In this sense, even Atheism is just as bad. Here you have followers who give assent to the claim that “There is no Transcendent/God(s)” when the claim itself is not within the directly verifiable scope of knowledge. Hence it is unreasonable. The Atheist has much chance of knowing about the non-existence of the Transcendent as a believer has of describing the transcendent by his own effort (i.e. without faith). So to give assent to the claim of atheism is as bad giving assent to the description of the transcendent by some arbitrary individual or book.
Re the second half…you bring up murder as an example of something that is either right or wrong in religion, but could be changeable in a secular society.
But murder is a good example of moral relativism in religion.
There are many parts of the bible that condone and encourage killing and genocide…and at the same time, it urges: “thou shalt not kill”.
In some religious teachings, birth control/abortion is a sin…but you must be willing to murder your child if God commands it.
So, using your example of murder…its level of morality is indeed very, very changeable in the bible "depending on the times and needs, " as you say.
And the bible is not secular.
I am not sure what you are arguing against here. Murder is acting contrary to God’s will to end another’s life. If it is the will of God that a whole race be abolished from the earth, and he would like some persons to carry it out, it would be moral for them to do so.
So the issue here is since God’s will / Morality is a transcendent quantity even if it did exist, we cannot say for sure what is moral or immoral. We can perhaps draw consensus on things like murder ( here i mean **needless **killing of innocents ) but that does not give us reason to think that our consensus reflects the transcendent reality or if it even exists.
A word should probably be mentioned here about murder in the above use of the term. You might think at first that there is actually no consensus with respect to murder since there are so many cultures that practiced child/adult human sacrifice, cannibalism etc. But this would be to miss the point. All human civilizations accept that killing needlessly is wrong. Even those who killed their children as sacrifice only did so because they felt it necessary for their God’s.
Even in the case of pro-abortion individuals today, they argue on the basis that the fetus is not human. Or they (probably very few) would argue that the fact that the human is located in the womb inside the mother, give the mother the right to end the human life.

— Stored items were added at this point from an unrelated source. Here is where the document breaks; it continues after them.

definition sign_switch_io :: "(nat \<Rightarrow> 'a \<Rightarrow> real) \<Rightarrow> real \<Rightarrow> 'a \<Rightarrow> bool" where
  "sign_switch_io X a \<omega> \<longleftrightarrow> infinite {n. X n \<omega> < a} \<and> infinite {n. X n \<omega> > a}"

end

theory Submission
  imports Defs
begin

(* Put  D_k = (xi_{k+1} - xi_k) 1{xi_k >= a}  and  C_k = E(D_k | F_k), so that
   C_k <= 0 a.s. by hypothesis (1), and  Y_k = D_k - C_k.  Whenever xi_k >= a we have
   xi_{k+1} - xi_k = D_k <= Y_k.  The Y_k are square-integrable martingale differences with
   sum_k E Y_k^2 <= 4 sum_k E D_k^2 < infinity (hypothesis (3)), so by Kolmogorov's maximal
   inequality their partial sums are a.s. Cauchy.  On such a path, once xi has dropped below a
   late enough, every later excursion above a starts at most a + b + e (hypothesis (2)) and can
   only grow by a tail sum of the Y_k, which is less than e; this gives limsup xi_n <= a + b. *)

lemma integrable_mult_of_square_integrable:
  fixes f g :: "'a \<Rightarrow> real"
  assumes "integrable M (\<lambda>x. (f x)\<^sup>2)" "integrable M (\<lambda>x. (g x)\<^sup>2)"
    "f \<in> borel_measurable M" "g \<in> borel_measurable M"
  shows "integrable M (\<lambda>x. f x * g x)"
proof (rule Bochner_Integration.integrable_bound[of _ "\<lambda>x. (f x)\<^sup>2 + (g x)\<^sup>2"])
  show "integrable M (\<lambda>x. (f x)\<^sup>2 + (g x)\<^sup>2)" using assms by auto
  show "(\<lambda>x. f x * g x) \<in> borel_measurable M" using assms by auto
  have "\<bar>f x * g x\<bar> \<le> (f x)\<^sup>2 + (g x)\<^sup>2" for x
  proof -
    have "0 \<le> (\<bar>f x\<bar> - \<bar>g x\<bar>)\<^sup>2" by simp
    then have "\<bar>f x\<bar> * \<bar>g x\<bar> * 2 \<le> (f x)\<^sup>2 + (g x)\<^sup>2" by (simp add: power2_eq_square algebra_simps)
    moreover have "0 \<le> \<bar>f x\<bar> * \<bar>g x\<bar>" by simp
    ultimately show ?thesis unfolding abs_mult by linarith
  qed
  then show "AE x in M. norm (f x * g x) \<le> norm ((f x)\<^sup>2 + (g x)\<^sup>2)" by auto
qed
theorem mainTheorem2:
  fixes M :: "'a measure"
    and T :: "'a \<Rightarrow> ereal" and C :: "'a \<Rightarrow> real"
    and p :: real and F0 :: "real \<Rightarrow> real"
    and Ys :: "nat \<Rightarrow> 'a \<Rightarrow> real"
  assumes "prob_space M"
    and T_rv: "T \<in> borel_measurable M" and C_rv: "C \<in> borel_measurable M"
    and T_nonneg: "\<forall>\<omega>\<in>space M. T \<omega> \<ge> 0"
    and C_nonneg: "\<forall>\<omega>\<in>space M. C \<omega> \<ge> 0"
    and indep_TC: "prob_space.indep_var M borel T borel (\<lambda>\<omega>. ereal (C \<omega>))"
    and p: "0 < p" "p < 1"
    and F0: "proper_dist_fun F0"
    and F: "\<forall>t. measure M {\<omega>\<in>space M. T \<omega> \<le> ereal t} = p * F0 t"
    and Ys_rv: "\<forall>i. Ys i \<in> borel_measurable M"
    and Ys_indep: "prob_space.indep_vars M (\<lambda>_. borel) Ys UNIV"
    and Ys_dist: "\<forall>i. distr M borel (Ys i)
                      = distr M borel (\<lambda>\<omega>. real_of_ereal (min (T \<omega>) (ereal (C \<omega>))))"
    and cond: "\<forall>\<xi>>0. ((\<lambda>n. ereal (real n * survival (cdf (distr M borel C))
                         (tau (cdf (distr M borel C)) - ereal (\<xi> / sqrt (real n)))))
                       \<longlongrightarrow> \<infinity>) sequentially"
  shows "tau (cdf (distr M borel (\<lambda>\<omega>. real_of_ereal (min (T \<omega>) (ereal (C \<omega>))))))
           = tau (cdf (distr M borel C))
       \<and> tau (cdf (distr M borel C)) < \<infinity>
       \<and> (\<forall>\<epsilon>>0. ((\<lambda>n. measure M {\<omega>\<in>space M.
              \<bar>sqrt (real n) * (real_of_ereal (tau (cdf (distr M borel
                   (\<lambda>\<omega>. real_of_ereal (min (T \<omega>) (ereal (C \<omega>)))))))
                 - Max ((\<lambda>i. Ys i \<omega>) ` {0..<n}))\<bar> > \<epsilon>}) \<longlongrightarrow> 0) sequentially)"
proof -
  interpret prob_space M by fact
  define Y where "Y \<omega> = real_of_ereal (min (T \<omega>) (ereal (C \<omega>)))" for \<omega>
  define Fc where "Fc = cdf (distr M borel C)"
  define H where "H = cdf (distr M borel Y)"
  have T_gt: "1 - p \<le> prob {\<omega>\<in>space M. ereal s < T \<omega>}" for s
  proof -
    have "{\<omega>\<in>space M. ereal s < T \<omega>} = space M - {\<omega>\<in>space M. T \<omega> \<le> ereal s}"
      by auto
    moreover have "{\<omega>\<in>space M. T \<omega> \<le> ereal s} \<in> events"
      using T_rv by measurable
    ultimately have "prob {\<omega>\<in>space M. ereal s < T \<omega>} = 1 - p * F0 s"
      using F by (simp add: prob_compl)
    then show ?thesis
      using proper_dist_fun_le_one[OF F0, of s] p by (simp add: mult_left_le)
  qed
  have surv_H: "1 - H s = prob {\<omega>\<in>space M. ereal s < T \<omega>} * (1 - Fc s)" for s
    unfolding H_def Fc_def Y_def using T_nonneg
    by (intro survival_censored_min[OF T_rv C_rv indep_TC]) auto
  have Fc_le_1: "Fc s \<le> 1" for s
    unfolding Fc_def using C_rv by (intro real_distribution.cdf_bounded_prob) simp
  have H_lower: "(1 - p) * (1 - Fc s) \<le> 1 - H s" for s
    unfolding surv_H using T_gt[of s] Fc_le_1[of s] by (simp add: mult_right_mono)
  have "H s < 1 \<longleftrightarrow> Fc s < 1" for s
  proof -
    have "0 < prob {\<omega>\<in>space M. ereal s < T \<omega>}"
      using T_gt[of s] p by linarith
    then have "0 < 1 - H s \<longleftrightarrow> 0 < 1 - Fc s"
      unfolding surv_H by (simp add: zero_less_mult_iff)
    then show ?thesis
      by linarith
  qed
  then have tau_H: "tau H = tau Fc"
    unfolding tau_def by simp
  have tau_fin: "tau Fc < \<infinity>"
    using cond by (intro tau_less_PInfty_if_survival_tendsto[of _ 1]) (simp add: Fc_def)
  then obtain r where r: "tau Fc = ereal r"
    using tau_nonneg[of Fc] by (cases "tau Fc") auto
  then have "H r = 1"
    using surv_H[of r] cdf_eq_one_at_tau[of "distr M borel C"] C_rv by (simp add: Fc_def)
  have growth: "LIM n sequentially. real n * (1 - H (r - \<epsilon> / sqrt (real n))) :> at_top"
    if "0 < \<epsilon>" for \<epsilon>
  proof (rule filterlim_at_top_mono)
    have "LIM n sequentially. real n * (1 - Fc (r - \<epsilon> / sqrt (real n))) :> at_top"
      using cond that r by (simp add: Fc_def survival_def tendsto_PInfty_eq_at_top)
    then show "LIM n sequentially. (1 - p) * (real n * (1 - Fc (r - \<epsilon> / sqrt (real n)))) :> at_top"
      using p by (intro filterlim_tendsto_pos_mult_at_top[OF tendsto_const]) auto
    show "\<forall>\<^sub>F n in sequentially. (1 - p) * (real n * (1 - Fc (r - \<epsilon> / sqrt (real n))))
      \<le> real n * (1 - H (r - \<epsilon> / sqrt (real n)))"
      by (intro always_eventually allI) (metis H_lower mult.left_commute mult_left_mono of_nat_0_le_iff)
  qed
  have "cdf (distr M borel (Ys i)) = H" for i
    using Ys_dist unfolding H_def Y_def by simp
  from sqrt_scaled_max_deviation_tendsto_zero[OF Ys_indep this \<open>H r = 1\<close> growth]
  show ?thesis
    using tau_H tau_fin r unfolding H_def Fc_def Y_def by simp
qed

But in all cases, there is giving of reason for ending of life. No one accepts that it is ok to randomly kill for no rhyme or reason another human being. There is a consensus on that.
That being said, as I said before, this is just consensus based on intuition. Unless someone can be given reason to believe that this consensus based on intuition means anything, its purely useless in terms of knowing what actual morality is.
My argument is that most religions fail on this aspect. They cannot give any reasons to give assent to their holy text or founder by giving reasons to think them/it authoritative regarding the transcendent. Hence, no religion other than Judaism or Christianity (specifically Catholicism (in communion with Rome) and to some degree other Christian faiths) is reasonable to assent to.